Just got the message sent to me........ 10 minutes from the house this sucks! They were working on a lot of improvements. rv sites, showers, etc... I woner what happened.

Hey Hotrod I know you have the story speak up my friend.


----------



## trodery (Sep 13, 2006)

Their Facebook post this morning said ... "We are officially closed for business, thank you to all the people that came out and had a good time. I will leave this post up through the weekend then will be deleting facebook for good on monday. Please visit your local parks DSO, xtreme, brazos bend and or sugar hill ORP".


----------



## Tail'in around (Oct 12, 2006)

Not starting a rumor just wondering if Pearland Drainage District had anything to do with it seeing as how that drainage ditch was getting torn up?


----------



## Hotrod (Oct 11, 2006)

It wasnt the ditch. Their overhead was 23k a month. 15k a month note alone for 5 yrs


----------



## dabossgonzo (Mar 5, 2010)

*alot*



Hotrod said:


> It wasnt the ditch. Their overhead was 23k a month. 15k a month note alone for 5 yrs


At 10.00 a person that takes a whole lot of people!!!! 
with that amount of overhead I am surprised they even try to make a go of it.

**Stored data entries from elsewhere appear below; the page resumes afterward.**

lemma backtracking_step_bounds:
  fixes \<alpha> \<beta> \<rho> \<delta> c L :: real
  assumes L: "0 < L" and \<rho>: "0 \<le> \<rho>" and \<delta>: "0 \<le> \<delta>" and c: "0 \<le> c" "0 \<le> \<delta>\<^sup>2 - c"
    and backtrack: "\<exists>i::nat. \<alpha> = \<rho> ^ i * \<beta>
      \<and> \<rho> ^ i * \<beta> \<in> {(\<delta> - sqrt (\<delta>\<^sup>2 - c)) / L..(\<delta> + sqrt (\<delta>\<^sup>2 - c)) / L}
      \<and> (\<forall>j<i. \<rho> ^ j * \<beta> \<notin> {(\<delta> - sqrt (\<delta>\<^sup>2 - c)) / L..(\<delta> + sqrt (\<delta>\<^sup>2 - c)) / L})
      \<and> (i > 0 \<longrightarrow> \<alpha> > \<rho> * ((\<delta> + sqrt (\<delta>\<^sup>2 - c)) / L))"
  shows "\<alpha> \<le> 2 * \<delta> / L" and "\<alpha> = \<beta> \<or> \<rho> * (\<delta> / L) < \<alpha>"
  \<comment> \<open>The minimality of \<open>i\<close> is part of the rule but not needed here.\<close>
proof -
  define s where "s = sqrt (\<delta>\<^sup>2 - c)"
  have s: "0 \<le> s" "s \<le> \<delta>"
    using c \<delta> real_sqrt_le_mono[of "\<delta>\<^sup>2 - c" "\<delta>\<^sup>2"] unfolding s_def by auto
  obtain i :: nat where i: "\<alpha> = \<rho> ^ i * \<beta>" "\<alpha> \<le> (\<delta> + s) / L"
    and last_rejected: "0 < i \<longrightarrow> \<rho> * ((\<delta> + s) / L) < \<alpha>"
    using backtrack unfolding s_def by auto
  show "\<alpha> \<le> 2 * \<delta> / L"
    using i(2) s L by (smt (verit) divide_right_mono)
  have "\<rho> * (\<delta> / L) \<le> \<rho> * ((\<delta> + s) / L)"
    using s L \<rho> by (intro mult_left_mono divide_right_mono) auto
  then show "\<alpha> = \<beta> \<or> \<rho> * (\<delta> / L) < \<alpha>"
    using i(1) last_rejected by (cases "i = 0") auto
qed

lemma step_sizes_bounded_below:
  fixes \<alpha> \<beta> :: "nat \<Rightarrow> real"
  assumes "\<And>k. 0 < \<alpha> k" and "1 \<le> \<rho>" and "\<And>k. \<beta> (Suc k) = \<rho> * \<alpha> k"
    and "\<And>k. \<alpha> k = \<beta> k \<or> a < \<alpha> k"
  shows "min (\<beta> 0) a \<le> \<alpha> k"
proof (induction k)
  case 0
  then show ?case using assms(4)[of 0] by auto
next
  case (Suc k)
  have "\<alpha> k \<le> \<beta> (Suc k)"
    using assms(1)[of k] assms(2,3) by (simp add: mult_le_cancel_right1)
  then show ?case using Suc assms(4)[of "Suc k"] by auto
qed

lemma summable_of_decrease_bounded_below:
  fixes F a :: "nat \<Rightarrow> real"
  assumes decrease: "\<And>n. F (Suc n) \<le> F n - a n" and "\<And>n. 0 \<le> a n" and "\<And>n. B \<le> F n"
  shows "summable a"
proof (rule summableI_nonneg_bounded)
  fix n
  have "F n \<le> F 0 - (\<Sum>k<n. a k)"
  proof (induction n)
    case (Suc n)
    then show ?case using decrease[of n] by simp
  qed simp
  then show "(\<Sum>k<n. a k) \<le> F 0 - B" using assms(3)[of n] by linarith
qed (use assms(2) in auto)

theorem theorem3p15:
  fixes g :: "real^'n \<Rightarrow> real" and h :: "real^'n \<Rightarrow> real^'d \<Rightarrow> real"
    and Dg :: "real^'n \<Rightarrow> real^'n" and Df :: "real^'d \<Rightarrow> real^'d"
    and Dxh :: "real^'n \<Rightarrow> real^'d \<Rightarrow> real^'n"
    and Hxx :: "real^'n \<Rightarrow> real^'d \<Rightarrow> real^'n^'n"
    and Jxt :: "real^'n \<Rightarrow> real^'d \<Rightarrow> real^'d^'n"
    and \<mu> L :: "real^'d \<Rightarrow> real" and L_H L_J L_Df L_Dg :: real
    and \<beta>0 \<rho>l \<rho>u lam \<eta> :: real
    and \<theta> z :: "nat \<Rightarrow> real^'d" and \<epsilon> \<alpha> \<beta> :: "nat \<Rightarrow> real"
    and xt :: "nat \<Rightarrow> real^'n"
  \<comment> \<open>(A1)\<close>
  assumes A1_grad: "\<And>x \<theta>'. ((\<lambda>y. h y \<theta>') has_derivative (\<lambda>v. Dxh x \<theta>' \<bullet> v)) (at x)"
    and A1_hess: "\<And>x \<theta>'. ((\<lambda>y. Dxh y \<theta>') has_derivative (\<lambda>v. Hxx x \<theta>' *v v)) (at x)"
    and A1_mu: "\<And>\<theta>'. 0 < \<mu> \<theta>' \<and> \<mu> \<theta>' \<le> L \<theta>'"
    and A1_bounds: "\<And>x \<theta>' v. \<mu> \<theta>' * (v \<bullet> v) \<le> v \<bullet> (Hxx x \<theta>' *v v)
                                 \<and> v \<bullet> (Hxx x \<theta>' *v v) \<le> L \<theta>' * (v \<bullet> v)"
    and A1_cont_grad: "\<And>x. continuous_on UNIV (\<lambda>\<theta>'. Dxh x \<theta>')"
    and A1_cont_hess: "\<And>x. continuous_on UNIV (\<lambda>\<theta>'. Hxx x \<theta>')"
  \<comment> \<open>(A2)\<close>
    and A2_cross: "\<And>x \<theta>'. ((\<lambda>t. Dxh x t) has_derivative (\<lambda>v. Jxt x \<theta>' *v v)) (at \<theta>')"
    and A2_LH: "\<And>x y \<theta>'. onorm (\<lambda>v. (Hxx x \<theta>' - Hxx y \<theta>') *v v) \<le> L_H * norm (x - y)"
    and A2_LJ: "\<And>x y \<theta>'. onorm (\<lambda>v. (Jxt x \<theta>' - Jxt y \<theta>') *v v) \<le> L_J * norm (x - y)"
  \<comment> \<open>(B)\<close>
    and B_f: "\<And>t. ((\<lambda>t'. g (xhat h t')) has_derivative (\<lambda>v. Df t \<bullet> v)) (at t)"
    and B_fcont: "continuous_on UNIV Df"
    and B_fLip: "\<And>s t. norm (Df s - Df t) \<le> L_Df * norm (s - t)"
    and B_g: "\<And>x. (g has_derivative (\<lambda>v. Dg x \<bullet> v)) (at x)"
    and B_gcont: "continuous_on UNIV Dg"
    and B_gLip: "\<And>x y. norm (Dg x - Dg y) \<le> L_Dg * norm (x - y)"
    and B_pos: "L_Df > 0" "L_Dg > 0"
    and B_bdd: "bdd_below (range g)"
  \<comment> \<open>parameters\<close>
    and beta0: "\<beta>0 > 0" "\<beta> 0 = \<beta>0"
    and rho: "0 < \<rho>l" "\<rho>l < 1" "1 < \<rho>u"
    and lam_eta: "0 < lam" "lam < \<eta>" "\<eta> < 1"
  \<comment> \<open>sequences\<close>
    and z_nz: "\<And>k. z k \<noteq> 0"
    and eps_nn: "\<And>k. \<epsilon> k \<ge> 0"
    and xt_err: "\<And>k. norm (xt k - xhat h (\<theta> k)) \<le> \<epsilon> k"
    and alpha_pos: "\<And>k. \<alpha> k > 0"
    and beta_pos: "\<And>k. \<beta> k > 0"
    and theta_upd: "\<And>k. \<theta> (Suc k) = \<theta> k - \<alpha> k *\<^sub>R z k"
    and z_err: "\<And>k. norm (z k - Df (\<theta> k)) \<le> (1 - \<eta>) * norm (z k)"
    and disc_real: "\<And>k. 0 \<le> (\<eta> - lam)\<^sup>2 - 4 * L_Df *
          ((norm (Dg (xt k)) + norm (Dg (xt (Suc k)))) * max (\<epsilon> k) (\<epsilon> (Suc k))
           + L_Dg * (max (\<epsilon> k) (\<epsilon> (Suc k)))\<^sup>2) / (norm (z k))\<^sup>2"
    and step: "\<And>k. let w = norm (Dg (xt k)) + norm (Dg (xt (Suc k)));
                      ebar = max (\<epsilon> k) (\<epsilon> (Suc k));
                      s = sqrt ((\<eta> - lam)\<^sup>2 - 4 * L_Df * (w * ebar + L_Dg * ebar\<^sup>2) / (norm (z k))\<^sup>2);
                      al = (\<eta> - lam - s) / L_Df;
                      au = (\<eta> - lam + s) / L_Df
                  in \<exists>i::nat. \<alpha> k = \<rho>l ^ i * \<beta> k
                       \<and> \<rho>l ^ i * \<beta> k \<in> {al..au}
                       \<and> (\<forall>j<i. \<rho>l ^ j * \<beta> k \<notin> {al..au})
                       \<and> (i > 0 \<longrightarrow> \<alpha> k > \<rho>l * au)"
    and beta_upd: "\<And>k. \<beta> (Suc k) = \<rho>u * \<alpha> k"
  shows "(\<lambda>k. norm (z k)) \<longlonglongrightarrow> 0"
proof -
  define f where "f = (\<lambda>t. g (xhat h t))"
  define m where "m = min \<beta>0 (\<rho>l * ((\<eta> - lam) / L_Df))"
  have step_bounds: "\<alpha> k \<le> 2 * (\<eta> - lam) / L_Df"
    "\<alpha> k = \<beta> k \<or> \<rho>l * ((\<eta> - lam) / L_Df) < \<alpha> k" for k
  proof -
    have "0 \<le> 4 * L_Df * ((norm (Dg (xt k)) + norm (Dg (xt (Suc k)))) * max (\<epsilon> k) (\<epsilon> (Suc k))
        + L_Dg * (max (\<epsilon> k) (\<epsilon> (Suc k)))\<^sup>2) / (norm (z k))\<^sup>2"
      using eps_nn[of k] B_pos by (simp add: max.coboundedI1)
    from backtracking_step_bounds[OF B_pos(1) _ _ this disc_real[of k] step[of k, unfolded Let_def]]
    show "\<alpha> k \<le> 2 * (\<eta> - lam) / L_Df" "\<alpha> k = \<beta> k \<or> \<rho>l * ((\<eta> - lam) / L_Df) < \<alpha> k"
      using rho lam_eta by auto
  qed
  have "0 < m" unfolding m_def using beta0 rho lam_eta B_pos by simp
  have "m \<le> \<alpha> k" for k
    unfolding m_def beta0(2)[symmetric]
    using step_sizes_bounded_below[of \<alpha> \<rho>u \<beta>, OF alpha_pos _ beta_upd step_bounds(2)] rho
    by simp
  then have decrease: "f (\<theta> (Suc k)) \<le> f (\<theta> k) - lam * m * (norm (z k))\<^sup>2" for k
  proof -
    have "f (\<theta> (Suc k)) \<le> f (\<theta> k) - lam * \<alpha> k * (norm (z k))\<^sup>2"
      unfolding theta_upd
      by (rule sufficient_decrease[OF B_f[folded f_def] B_fLip B_pos(1) alpha_pos step_bounds(1)
            inner_ge_of_relative_error[OF z_err]])
    moreover have "lam * m * (norm (z k))\<^sup>2 \<le> lam * \<alpha> k * (norm (z k))\<^sup>2"
      using \<open>m \<le> \<alpha> k\<close> lam_eta by (simp add: mult_left_mono mult_right_mono)
    ultimately show ?thesis by linarith
  qed
  obtain B where "\<And>x. B \<le> g x" using B_bdd unfolding bdd_below_def by auto
  then have "summable (\<lambda>k. lam * m * (norm (z k))\<^sup>2)"
    using decrease \<open>0 < m\<close> lam_eta
    by (intro summable_of_decrease_bounded_below[where F = "f \<circ> \<theta>" and B = B]) (auto simp: f_def)
  then have "(\<lambda>k. (norm (z k))\<^sup>2) \<longlonglongrightarrow> 0"
    using \<open>0 < m\<close> lam_eta by (auto dest: summable_LIMSEQ_zero simp: summable_cmult_iff)
  then show ?thesis
    using tendsto_real_sqrt by fastforce
qed

end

Hey what about that razor they were giving me on the 4th..... guess you are gonna tell me that ain't happening either!


----------



## dbarham (Aug 13, 2005)

That sux them mojados at the little store are gonna miss looking at all them lil gals!!:lmao


----------



## Hotrod (Oct 11, 2006)

dabossgonzo said:


> At 10.00 a person that takes a whole lot of people!!!!
> with that amount of overhead I am surprised they even try to make a go of it.
> 
> Hey what about that razor they were giving me on the 4th..... guess you are gonna tell me that ain't happening either!


Yup, I still have my tickets lol



dbarham said:


> That sux them mojados at the little store are gonna miss looking at all them lil gals!!:lmao


----------



## 4Rodsfishing (Oct 27, 2009)

I lost my ticket, guess it doesn't matter anymore. I was nice to have a place close by but at least we still have other places to ride.


----------



## Lyssy (Sep 8, 2010)

So your saying 23k a month overhead on top of the 15k? I've never been to one of those parks or that one but what kind of overhead do you have on a place like that? How many people a day do you think they had?


----------



## Hotrod (Oct 11, 2006)

23 total. 15 was monthly note. The rest was insurance, operating costs


----------



## Lyssy (Sep 8, 2010)

Wow, I'd figure the insurance would be sky high. So You think they ever averaged 200 people on Friday, Saturdays, Sundays? Just doing a quick calculation if they could average that many people for those 3 days for an entire month they would gross 30k.


----------



## Ducatibilt (Jul 8, 2010)

That didn't last long! 
So what are they going to do with the place now? 

Also just curious why you would only take out a 5 year note on a piece of property that expensive? Aren't they still stuck with that note and now no income to help cover it?


----------



## Hotrod (Oct 11, 2006)

Kris was Po'd when he found out how they financed the property and the payment terms


----------